Materials provided START
(* Let $\alpha$ be a QCA on $\mathrm{Mat}(\mathbb{Z}^D,p)$ with spread $\ell>1$ (more generally, any $\ell>1$ that bounds its spread), and $n\in\mathbb{Z}$. Then the boundary algebra $\mathcal B(n,\ell)=\alpha(\mathrm{Mat}(H(n),p))\cap\mathrm{Mat}(S(n,\ell),p)$, regarded as a subalgebra of a local operator algebra on $\mathbb{Z}^{D-1}$, is an invertible subalgebra. If the QCA has spread at most $\ell$, then this invertible subalgebra has spread at most $2\ell$.
   Context: For $p:\mathbb{Z}^D\to\mathbb{Z}_{>0}$ and finite $F$, $\mathrm{Mat}(F,p)=\bigotimes_{s\in F}M_{p(s)}(\mathbb{C})$ with embeddings by tensoring identities; $\mathrm{Mat}(\mathbb{Z}^D,p)$ is the union, and for arbitrary $S$, $\mathrm{Mat}(S,p)$ is the union of $\mathrm{Mat}(F,p)$ over finite $F\subseteq S$. $\mathrm{Supp}(x)$ is the smallest finite set $F$ with $x\in\mathrm{Mat}(F,p)$; $S^{+\ell}$ is the set of sites at $\ell_\infty$-distance at most $\ell$ from $S$. A QCA is a $*$-automorphism $\alpha$ of $\mathrm{Mat}(\mathbb{Z}^D,p)$ with some $\ell>0$ (spread) such that $\mathrm{Supp}(\alpha(x))\subseteq\mathrm{Supp}(x)^{+\ell}$ for all $x$. Put $H(n)=(\mathbb{Z}\cap(-\infty,n])\times\mathbb{Z}^{D-1}$ and $S(n,\ell)=(\mathbb{Z}\cap[n-\ell+1,n+\ell])\times\mathbb{Z}^{D-1}$. The algebra $\mathrm{Mat}(S(n,\ell),p)$ is identified with the local operator algebra $\mathrm{Mat}(\mathbb{Z}^{D-1},p')$ where the site $y\in\mathbb{Z}^{D-1}$ combines the sites $\{n-\ell+1,\dots,n+\ell\}\times\{y\}$, i.e. $p'(y)=\prod_{j=n-\ell+1}^{n+\ell}p(j,y)$. A unital $*$-subalgebra $\mathcal A$ of $\mathrm{Mat}(\mathbb{Z}^{D-1},p')$ is invertible with spread $m$ if every $x\in\mathrm{Mat}(\mathbb{Z}^{D-1},p')$ is a finite sum $x=\sum_ia_ib_i$ with $a_i\in\mathcal A$, $b_i$ in the commutant of $\mathcal A$ within $\mathrm{Mat}(\mathbb{Z}^{D-1},p')$, and $\mathrm{Supp}(a_i),\mathrm{Supp}(b_i)\subseteq\mathrm{Supp}(x)^{+m}$. *)

theory Defs
  imports Complex_Main
begin

text \<open>Sites of Z^D are integer lists of length D; the first entry is the
distinguished coordinate used for half-spaces and strips.\<close>

type_synonym site = "int list"
type_synonym cfg = "site \<Rightarrow> nat"
text \<open>A (global, infinite) configuration assigns to each site s a basis index below p s.
An operator is a matrix kernel indexed by pairs of configurations.\<close>
type_synonym op = "cfg \<Rightarrow> cfg \<Rightarrow> complex"

definition sites :: "nat \<Rightarrow> site set" where
  "sites D = {s. length s = D}"

definition cfgs :: "nat \<Rightarrow> (site \<Rightarrow> nat) \<Rightarrow> cfg set" where
  "cfgs D p = {\<sigma>. (\<forall>s\<in>sites D. \<sigma> s < p s) \<and> (\<forall>s. s \<notin> sites D \<longrightarrow> \<sigma> s = 0)}"

text \<open>x is (the embedding of) an element of Mat(F,p) = tensor over s in F of M_{p(s)},
i.e. x = x_F \<otimes> identity on the complement of F.\<close>
definition local_on :: "nat \<Rightarrow> (site \<Rightarrow> nat) \<Rightarrow> site set \<Rightarrow> op \<Rightarrow> bool" where
  "local_on D p F x \<longleftrightarrow> finite F \<and> F \<subseteq> sites D \<and>
     (\<forall>\<sigma> \<tau>. x \<sigma> \<tau> \<noteq> 0 \<longrightarrow> \<sigma> \<in> cfgs D p \<and> \<tau> \<in> cfgs D p \<and> (\<forall>s. s \<notin> F \<longrightarrow> \<sigma> s = \<tau> s)) \<and>
     (\<forall>\<sigma> \<tau> \<sigma>' \<tau>'. \<sigma> \<in> cfgs D p \<and> \<tau> \<in> cfgs D p \<and> \<sigma>' \<in> cfgs D p \<and> \<tau>' \<in> cfgs D p \<and>
        (\<forall>s. s \<notin> F \<longrightarrow> \<sigma> s = \<tau> s) \<and> (\<forall>s. s \<notin> F \<longrightarrow> \<sigma>' s = \<tau>' s) \<and>
        (\<forall>s\<in>F. \<sigma> s = \<sigma>' s \<and> \<tau> s = \<tau>' s) \<longrightarrow> x \<sigma> \<tau> = x \<sigma>' \<tau>')"

definition Mat :: "nat \<Rightarrow> (site \<Rightarrow> nat) \<Rightarrow> site set \<Rightarrow> op set" where
  "Mat D p S = {x. \<exists>F. F \<subseteq> S \<and> finite F \<and> local_on D p F x}"

definition Supp :: "nat \<Rightarrow> (site \<Rightarrow> nat) \<Rightarrow> op \<Rightarrow> site set" where
  "Supp D p x = \<Inter> {F. local_on D p F x}"

definition op_mult :: "op \<Rightarrow> op \<Rightarrow> op" where
  "op_mult x y = (\<lambda>\<sigma> \<tau>. \<Sum>\<rho>\<in>{\<rho>. x \<sigma> \<rho> \<noteq> 0}. x \<sigma> \<rho> * y \<rho> \<tau>)"

definition op_add :: "op \<Rightarrow> op \<Rightarrow> op" where
  "op_add x y = (\<lambda>\<sigma> \<tau>. x \<sigma> \<tau> + y \<sigma> \<tau>)"

definition op_scale :: "complex \<Rightarrow> op \<Rightarrow> op" where
  "op_scale c x = (\<lambda>\<sigma> \<tau>. c * x \<sigma> \<tau>)"

definition op_adj :: "op \<Rightarrow> op" where
  "op_adj x = (\<lambda>\<sigma> \<tau>. cnj (x \<tau> \<sigma>))"

definition op_one :: "nat \<Rightarrow> (site \<Rightarrow> nat) \<Rightarrow> op" where
  "op_one D p = (\<lambda>\<sigma> \<tau>. if \<sigma> = \<tau> \<and> \<sigma> \<in> cfgs D p then 1 else 0)"

definition op_zero :: op where
  "op_zero = (\<lambda>\<sigma> \<tau>. 0)"

definition op_sum_prods :: "(op \<times> op) list \<Rightarrow> op" where
  "op_sum_prods ab = foldr (\<lambda>(a, b) acc. op_add (op_mult a b) acc) ab op_zero"

definition site_dist :: "site \<Rightarrow> site \<Rightarrow> int" where
  "site_dist s t = foldr max (map (\<lambda>(a, b). \<bar>a - b\<bar>) (zip s t)) 0"

definition nbhd :: "nat \<Rightarrow> int \<Rightarrow> site set \<Rightarrow> site set" where
  "nbhd D l S = {t \<in> sites D. \<exists>s\<in>S. site_dist s t \<le> l}"

definition is_QCA :: "nat \<Rightarrow> (site \<Rightarrow> nat) \<Rightarrow> int \<Rightarrow> (op \<Rightarrow> op) \<Rightarrow> bool" where
  "is_QCA D p l \<alpha> \<longleftrightarrow>
     l > 0 \<and>
     bij_betw \<alpha> (Mat D p (sites D)) (Mat D p (sites D)) \<and>
     (\<forall>x\<in>Mat D p (sites D). \<forall>y\<in>Mat D p (sites D).
        \<alpha> (op_add x y) = op_add (\<alpha> x) (\<alpha> y) \<and> \<alpha> (op_mult x y) = op_mult (\<alpha> x) (\<alpha> y)) \<and>
     (\<forall>x\<in>Mat D p (sites D). \<forall>c. \<alpha> (op_scale c x) = op_scale c (\<alpha> x)) \<and>
     (\<forall>x\<in>Mat D p (sites D). \<alpha> (op_adj x) = op_adj (\<alpha> x)) \<and>
     \<alpha> (op_one D p) = op_one D p \<and>
     (\<forall>x\<in>Mat D p (sites D). Supp D p (\<alpha> x) \<subseteq> nbhd D l (Supp D p x))"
Materials provided END
Proceeding from the line containing "distinguished coordinate used" through the line containing "nat) \<Rightarrow> cfg", transcribe the lines above exactly, both end lines included.

▶ Expected answer
distinguished coordinate used for half-spaces and strips.\<close>

type_synonym site = "int list"
type_synonym cfg = "site \<Rightarrow> nat"
text \<open>A (global, infinite) configuration assigns to each site s a basis index below p s.
An operator is a matrix kernel indexed by pairs of configurations.\<close>
type_synonym op = "cfg \<Rightarrow> cfg \<Rightarrow> complex"

definition sites :: "nat \<Rightarrow> site set" where
  "sites D = {s. length s = D}"

definition cfgs :: "nat \<Rightarrow> (site \<Rightarrow> nat) \<Rightarrow> cfg set" where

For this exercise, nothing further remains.